--- Data provided Enclosed Below ---

lemma flinear_on_diff:
  assumes "flc_space L q" "flinear_on L \<psi>" "u \<in> L" "v \<in> L"
  shows "\<psi> (fadd v (fscale (-1) u)) = \<psi> v - \<psi> u"
  using assms by (simp add: flinear_on_fadd flinear_on_fscale flc_space_closed)

lemma fdual_bounded_on_fbounded:
  assumes L: "flc_space L q" and \<phi>: "\<phi> \<in> fdual L q" and B: "fbounded L q B"
  shows "\<exists>t>0. \<forall>v\<in>B. \<bar>\<phi> v\<bar> \<le> t"
proof -
  have lin: "flinear_on L \<phi>" and cont: "continuous_map (flc_topology L q) euclidean \<phi>"
    using \<phi> by (simp_all add: fdual_iff_flinear_continuous)
  define U where "U = {v \<in> topspace (flc_topology L q). \<phi> v \<in> ball 0 1}"
  have "openin (flc_topology L q) U"
    unfolding U_def by (rule openin_continuous_map_preimage[OF cont]) simp
  moreover have "fzero \<in> U"
    using flc_space_closed(1)[OF L] flinear_on_fzero[OF L lin]
    unfolding U_def topspace_flc_topology by simp
  ultimately obtain t where "t > 0" and absorb: "B \<subseteq> fscale t ` U"
    using B unfolding fbounded_def by (meson abs_ge_self)
  have "\<bar>\<phi> v\<bar> \<le> t" if v: "v \<in> B" for v
  proof -
    obtain w where w: "w \<in> U" "v = fscale t w"
      using absorb v by blast
    then have "\<bar>\<phi> v\<bar> = t * \<bar>\<phi> w\<bar>"
      using flinear_on_fscale[OF lin] \<open>t > 0\<close> unfolding U_def topspace_flc_topology
      by (simp add: abs_mult)
    also have "\<dots> \<le> t"
      using w(1) \<open>t > 0\<close> unfolding U_def by simp
    finally show ?thesis .
  qed
  then show ?thesis
    using \<open>t > 0\<close> by blast
qed

lemma flinear_on_seminorm_ball_estimate:
  assumes L: "flc_space L q" and lin: "flinear_on L \<psi>"
    and bound: "\<forall>w\<in>seminorm_ball L q F e fzero. \<bar>\<psi> w\<bar> \<le> 1"
    and "\<delta> > 0" and u: "u \<in> L" and v: "v \<in> seminorm_ball L q F (e * \<delta>) u"
  shows "\<bar>\<psi> v - \<psi> u\<bar> \<le> \<delta>"
proof -
  define d where "d = fadd v (fscale (-1) u)"
  have "v \<in> L" "d \<in> L"
    using v u flc_space_closed[OF L] unfolding seminorm_ball_def d_def by auto
  have "\<forall>k\<in>F. q k (fscale (1 / \<delta>) d) < e"
    using v \<open>\<delta> > 0\<close> \<open>d \<in> L\<close> flc_space_seminorm_scale[OF L]
    unfolding seminorm_ball_def d_def by (auto simp: field_simps)
  then have "\<bar>\<psi> (fscale (1 / \<delta>) d)\<bar> \<le> 1"
    using bound flc_space_closed(3)[OF L \<open>d \<in> L\<close>] unfolding seminorm_ball_def fadd_fscale_fzero by blast
  moreover have "\<psi> (fscale (1 / \<delta>) d) = (\<psi> v - \<psi> u) / \<delta>"
    using flinear_on_fscale[OF lin \<open>d \<in> L\<close>] flinear_on_diff[OF L lin u \<open>v \<in> L\<close>] by (simp add: d_def)
  ultimately show ?thesis
    using \<open>\<delta> > 0\<close> by (simp add: abs_divide)
qed

lemma fdual_if_bounded_on_neighbourhood:
  assumes L: "flc_space L q" and lin: "flinear_on L \<psi>"
    and U: "openin (flc_topology L q) U" "fzero \<in> U" and bound: "\<forall>v\<in>U. \<bar>\<psi> v\<bar> \<le> 1"
  shows "\<psi> \<in> fdual L q"
proof -
  obtain F e where "finite F" "e > 0" and ball0: "seminorm_ball L q F e fzero \<subseteq> U"
    using U unfolding openin_flc_topology by meson
  have "openin (flc_topology L q) {u \<in> L. \<psi> u \<in> V}" if "open V" for V
    unfolding openin_flc_topology
  proof (intro conjI ballI)
    fix u assume u: "u \<in> {u \<in> L. \<psi> u \<in> V}"
    then obtain \<epsilon> where "\<epsilon> > 0" and \<epsilon>: "\<And>y. dist y (\<psi> u) < \<epsilon> \<Longrightarrow> y \<in> V"
      using \<open>open V\<close> unfolding open_dist by blast
    have "\<psi> v \<in> V" if "v \<in> seminorm_ball L q F (e * (\<epsilon> / 2)) u" for v
    proof (rule \<epsilon>)
      have "\<bar>\<psi> v - \<psi> u\<bar> \<le> \<epsilon> / 2"
        using ball0 bound u that \<open>\<epsilon> > 0\<close> by (intro flinear_on_seminorm_ball_estimate[OF L lin]) auto
      then show "dist (\<psi> v) (\<psi> u) < \<epsilon>"
        using \<open>\<epsilon> > 0\<close> by (simp add: dist_real_def)
    qed
    then show "\<exists>F e. finite F \<and> e > 0 \<and> seminorm_ball L q F e u \<subseteq> {u \<in> L. \<psi> u \<in> V}"
      using \<open>finite F\<close> \<open>e > 0\<close> \<open>\<epsilon> > 0\<close>
      by (intro exI[of _ F] exI[of _ "e * (\<epsilon> / 2)"]) (auto simp: seminorm_ball_def)
  qed auto
  then have "continuous_map (flc_topology L q) euclidean \<psi>"
    by (simp add: continuous_map_def topspace_flc_topology)
  then show ?thesis
    using lin by (simp add: fdual_iff_flinear_continuous)
qed

lemma abs_convex_combination_le:
  fixes x y t :: real
  assumes "0 \<le> t" "t \<le> 1" "\<bar>x\<bar> \<le> 1" "\<bar>y\<bar> \<le> 1"
  shows "\<bar>t * x + (1 - t) * y\<bar> \<le> 1"
  using assms by (intro order_trans[OF abs_triangle_ineq]) (simp add: abs_mult convex_bound_le)

lemma closedin_polar:
  assumes "\<Phi> \<subseteq> fdual L q"
  shows "closedin (flc_topology L q) {u\<in>L. \<forall>\<phi>\<in>\<Phi>. \<bar>\<phi> u\<bar> \<le> 1}"
proof -
  have "{u\<in>L. \<forall>\<phi>\<in>\<Phi>. \<bar>\<phi> u\<bar> \<le> 1}
      = \<Inter> (insert L ((\<lambda>\<phi>. {u \<in> topspace (flc_topology L q). \<phi> u \<in> cball 0 1}) ` \<Phi>))"
    by (auto simp: topspace_flc_topology)
  also have "closedin (flc_topology L q) \<dots>"
  proof (rule closedin_Inter)
    fix C assume "C \<in> insert L ((\<lambda>\<phi>. {u \<in> topspace (flc_topology L q). \<phi> u \<in> cball 0 1}) ` \<Phi>)"
    then consider "C = L"
      | \<phi> where "\<phi> \<in> \<Phi>" "C = {u \<in> topspace (flc_topology L q). \<phi> u \<in> cball 0 1}"
      by blast
    then show "closedin (flc_topology L q) C"
    proof cases
      case 1
      then show ?thesis
        using closedin_topspace[of "flc_topology L q"] by (simp add: topspace_flc_topology)
    next
      case 2
      then have "continuous_map (flc_topology L q) euclidean \<phi>"
        using assms by (auto simp: fdual_iff_flinear_continuous)
      then show ?thesis
        unfolding \<open>C = _\<close> by (rule closedin_continuous_map_preimage) simp
    qed
  qed simp
  finally show ?thesis .
qed

lemma fscale_in_polar:
  assumes L: "flc_space L q" and \<Phi>: "\<Phi> \<subseteq> fdual L q"
    and u: "u \<in> L" and small: "\<forall>\<phi>\<in>\<Phi>. \<bar>c\<bar> * \<bar>\<phi> u\<bar> \<le> 1"
  shows "fscale c u \<in> {u\<in>L. \<forall>\<phi>\<in>\<Phi>. \<bar>\<phi> u\<bar> \<le> 1}"
proof -
  have "\<bar>\<phi> (fscale c u)\<bar> \<le> 1" if "\<phi> \<in> \<Phi>" for \<phi>
  proof -
    have "flinear_on L \<phi>"
      using \<Phi> that by (auto simp: fdual_iff_flinear_continuous)
    then have "\<phi> (fscale c u) = c * \<phi> u"
      using u by (rule flinear_on_fscale)
    then show ?thesis
      using small that by (simp add: abs_mult)
  qed
  then show ?thesis
    using flc_space_closed(3)[OF L u] by simp
qed

lemma fbarrel_polar:
  fixes \<Phi> :: "(('a \<Rightarrow> 'x::real_vector) \<Rightarrow> real) set"
  assumes L: "flc_space L q" and \<Phi>: "\<Phi> \<subseteq> fdual L q"
    and pointwise_bounded: "\<forall>u\<in>L. \<exists>t>0. \<forall>\<phi>\<in>\<Phi>. \<bar>\<phi> u\<bar> \<le> t"
  shows "fbarrel L q {u\<in>L. \<forall>\<phi>\<in>\<Phi>. \<bar>\<phi> u\<bar> \<le> 1}" (is "fbarrel L q ?B")
proof -
  have lin: "flinear_on L \<phi>" if "\<phi> \<in> \<Phi>" for \<phi>
    using \<Phi> that by (auto simp: fdual_iff_flinear_continuous)
  show ?thesis
    unfolding fbarrel_def
  proof (intro conjI ballI allI impI)
    show "closedin (flc_topology L q) ?B"
      by (rule closedin_polar[OF \<Phi>])
    fix u v assume u: "u \<in> ?B" and v: "v \<in> ?B"
    fix t :: real assume "0 \<le> t \<and> t \<le> 1"
    have "\<bar>\<phi> (fadd (fscale t u) (fscale (1 - t) v))\<bar> \<le> 1" if "\<phi> \<in> \<Phi>" for \<phi>
    proof -
      have "\<phi> (fadd (fscale t u) (fscale (1 - t) v)) = t * \<phi> u + (1 - t) * \<phi> v"
        using lin[OF that] u v flc_space_closed[OF L] by (simp add: flinear_on_fadd flinear_on_fscale)
      then show ?thesis
        using u v that \<open>0 \<le> t \<and> t \<le> 1\<close> by (simp add: abs_convex_combination_le)
    qed
    then show "fadd (fscale t u) (fscale (1 - t) v) \<in> ?B"
      using u v flc_space_closed[OF L] by simp
  next
    fix u and c :: real assume "u \<in> ?B" and "\<bar>c\<bar> \<le> 1"
    then show "fscale c u \<in> ?B"
      by (intro fscale_in_polar[OF L \<Phi>]) (auto intro: mult_le_one)
  next
    fix u assume "u \<in> L"
    then obtain t where "t > 0" and t: "\<forall>\<phi>\<in>\<Phi>. \<bar>\<phi> u\<bar> \<le> t"
      using pointwise_bounded by blast
    have "\<bar>c\<bar> * \<bar>\<phi> u\<bar> \<le> 1" if "\<bar>c\<bar> \<le> 1 / t" "\<phi> \<in> \<Phi>" for c \<phi>
    proof -
      have "\<bar>c\<bar> * \<bar>\<phi> u\<bar> \<le> 1 / t * t"
        using t that by (intro mult_mono) auto
      then show ?thesis
        using \<open>t > 0\<close> by simp
    qed
    then have "fscale c u \<in> ?B" if "\<bar>c\<bar> \<le> 1 / t" for c
      using \<open>u \<in> L\<close> that by (intro fscale_in_polar[OF L \<Phi>]) auto
    then show "\<exists>r>0. \<forall>c. \<bar>c\<bar> \<le> r \<longrightarrow> fscale c u \<in> ?B"
      using \<open>t > 0\<close> by (intro exI[of _ "1 / t"]) auto
  qed auto
qed

lemma fdual_if_bounded_on_barrel:
  assumes "flc_space L q" "barreled L q" "fbarrel L q B" "flinear_on L \<psi>" "\<forall>u\<in>B. \<bar>\<psi> u\<bar> \<le> 1"
  shows "\<psi> \<in> fdual L q"
proof -
  obtain U where "openin (flc_topology L q) U" "fzero \<in> U" "U \<subseteq> B"
    using assms(2,3) unfolding barreled_def by blast
  then show ?thesis
    using assms(5) by (intro fdual_if_bounded_on_neighbourhood[OF assms(1,4), of U]) auto
qed

section \<open>Multiplication operators and their adjoints\<close>

lemma chi_mult_fadd: "chi_mult A (fadd u v) = fadd (chi_mult A u) (chi_mult A v)"
  by (simp add: chi_mult_def fadd_def fun_eq_iff scaleR_add_right)

lemma chi_mult_fscale: "chi_mult A (fscale c u) = fscale c (chi_mult A u)"
  by (simp add: chi_mult_def fscale_def fun_eq_iff)

lemma chi_mult_Un: "A \<inter> B = {} \<Longrightarrow> chi_mult (A \<union> B) u = fadd (chi_mult A u) (chi_mult B u)"
  by (auto simp: chi_mult_def fadd_def fun_eq_iff indicator_def)

lemma additive_chi_mult:
  assumes "flinear_on L \<phi>" "\<forall>A\<in>\<Sigma>. \<forall>u\<in>L. chi_mult A u \<in> L" "u \<in> L"
  shows "additive \<Sigma> (\<lambda>A. \<phi> (chi_mult A u))"
  using assms by (simp add: additive_def chi_mult_Un flinear_on_fadd)

lemma fdual_comp_chi_mult:
  assumes L: "flc_space L q" and \<phi>: "\<phi> \<in> fdual L q"
    and closed: "\<forall>u\<in>L. chi_mult A u \<in> L"
    and cont: "continuous_map (flc_topology L q) (flc_topology L q) (chi_mult A)"
  shows "(\<lambda>u. \<phi> (chi_mult A u)) \<in> fdual L q"
proof -
  have "flinear_on L \<phi>" "continuous_map (flc_topology L q) euclidean \<phi>"
    using \<phi> by (simp_all add: fdual_iff_flinear_continuous)
  then show ?thesis
    using closed flc_space_closed[OF L] continuous_map_compose[OF cont]
    by (auto simp: fdual_iff_flinear_continuous flinear_on_def chi_mult_fadd chi_mult_fscale o_def)
qed

lemma tendsto_weakstar_adj_limit:
  assumes "directed_on I le" "weakstar_adj_limit L I le \<Omega> \<phi> \<psi>" "u \<in> L"
  shows "((\<lambda>a. \<phi> (chi_mult (\<Omega> a) u)) \<longlongrightarrow> \<psi> u) (net_filter I le)"
  using assms by (simp add: weakstar_adj_limit_def net_tendsto_iff_tendsto)

lemma eventually_chi_mult_in:
  assumes "directed_on I le" "\<Omega> ` I \<subseteq> \<Sigma>" "\<forall>A\<in>\<Sigma>. \<forall>u\<in>L. chi_mult A u \<in> L" "u \<in> L"
  shows "\<forall>\<^sub>F a in net_filter I le. chi_mult (\<Omega> a) u \<in> L"
  using eventually_in_net_filter[OF assms(1)] assms(2-4) by (auto elim!: eventually_mono)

--- End of Enclosed Data provided ---

Exercise brief >> The word "define" appears in some lines of the data. Copy every one of those lines.

Solution for this exercise >>
  define U where "U = {v \<in> topspace (flc_topology L q). \<phi> v \<in> ball 0 1}"
  define d where "d = fadd v (fscale (-1) u)"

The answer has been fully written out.